Los Pajaros: The Birds
With more than 1,958 bird species, of which 80 are endemic, Colombia has more kinds of birds than any other country. Colombia's avian presence comprises 20% of all bird diversity in the world. Because it has coasts on both the Atlantic/Caribbean and the Pacific Oceans, the only country in South America that does, birds have found a kind of paradise here. Colombia, and Medellin, are seasonal flyway sites as well for many hundreds of bird species heading north and south.
The Microscopic Reason
As sad as we were to leave Medellin, we had to go. Family duty called. My wife's mum asked that we be there for her during the pandemic. Approaching 90, she's afraid, and lonely, and wanted our company. Although she's fairly healthy, she wants family around, and that includes us. Our related fear was not of the virus, or its potential peril for us, but that mom might die alone. That's a reality for many people now, and we decided we'd do whatever we could to avoid that dreaded outcome.

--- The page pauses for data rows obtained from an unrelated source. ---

text \<open>The approximation algorithm: one call to the deterministic oracle on an aggregated
  instance (linear-time preprocessing).\<close>
definition owa_approx :: "'j set \<Rightarrow> nat \<Rightarrow> (nat \<Rightarrow> 'j \<Rightarrow> real) \<Rightarrow> (nat \<Rightarrow> 'j \<Rightarrow> real)
    \<Rightarrow> (('j \<Rightarrow> real) \<Rightarrow> ('j \<Rightarrow> real) \<Rightarrow> 'j list) \<Rightarrow> 'j list" where
  "owa_approx J K p w solve =
     (if wmax J K w / wmin J K w \<le> wmax J K p / wmin J K p
      then solve (\<lambda>j. \<Sum>i<K. p i j) (\<lambda>j. 1)
      else solve (\<lambda>j. 1) (\<lambda>j. \<Sum>i<K. w i j))"

end

theory Submission
  imports Defs "HOL-Library.Multiset"
begin

(* Write F(pi) = sum_i f(pi,S_i) for the total cost over all scenarios.
   (1) For nonnegative costs and nonincreasing OWA weights summing to 1,
         OWA(pi) <= F(pi) <= K * OWA(pi),
       the second by Chebyshev's sum inequality (weights and sorted costs are both
       nonincreasing, so the OWA is at least the mean cost).
   (2) F is sandwiched between multiples of a deterministic surrogate cost:
       with aggregated processing times P_j = sum_i p_j(S_i) and unit weights,
         wmin * g(pi) <= F(pi) <= wmax * g(pi);
       with unit processing times and aggregated weights W_j = sum_i w_j(S_i),
         pmin * g(pi) <= F(pi) <= pmax * g(pi).
   (3) An exact minimiser of a surrogate g with a*g <= F <= b*g is a b/a-approximation
       for F.  The algorithm picks the surrogate with the smaller ratio b/a.
   Chaining (1), (3), (1) gives OWA(pi) <= F(pi) <= rho * F(sigma) <= rho * K * OWA(sigma). *)

lemma sorted_values:
  fixes f :: "nat \<Rightarrow> real"
  assumes L: "L = rev (sort (map f [0..<K]))"
  shows "(\<Sum>i<K. L ! i) = (\<Sum>i<K. f i)"
    and "\<And>i. i < K \<Longrightarrow> L ! i \<in> f ` {..<K}"
    and "\<And>i j. i \<le> j \<Longrightarrow> j < K \<Longrightarrow> L ! j \<le> L ! i"
proof -
  have len: "length L = K" by (simp add: L)
  have "(\<Sum>i<K. L ! i) = sum_list L"
    using len by (simp add: sum_list_sum_nth atLeast0LessThan)
  also have "\<dots> = sum_list (map f [0..<K])"
    by (simp add: L flip: sum_mset_sum_list)
  also have "\<dots> = (\<Sum>i<K. f i)"
    by (simp add: sum_list_sum_nth atLeast0LessThan)
  finally show "(\<Sum>i<K. L ! i) = (\<Sum>i<K. f i)" .
  show "L ! i \<in> f ` {..<K}" if "i < K" for i
  proof -
    have "L ! i \<in> set L" using that len by simp
    then show ?thesis by (simp add: L atLeast0LessThan)
  qed
  show "\<And>i j. i \<le> j \<Longrightarrow> j < K \<Longrightarrow> L ! j \<le> L ! i"
    using sorted_rev_nth_mono[of L] len by (simp add: L)
qed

So it's with sadness that we said hasta luego Medellin. We'll miss the city we fell in love with 4 years ago, a place that will always hold a place in our hearts. This is una carta de amor, a love letter to Medellin, and to all of Colombia. Thanks for four years of beauty, excitement, fun, wonder, insight, learning, revelation, and amazing experiences. Four years of exploring a world of different customs, language, perspectives, expressions—ave maria pues!—and benevolent attitudes. Four years of cultivating friendships that we'll keep in our hearts forever. 'No, no. no, no... Si!
We may have left Medellin, but Medellin will never leave us. Gracias para leer. Thanks for reading.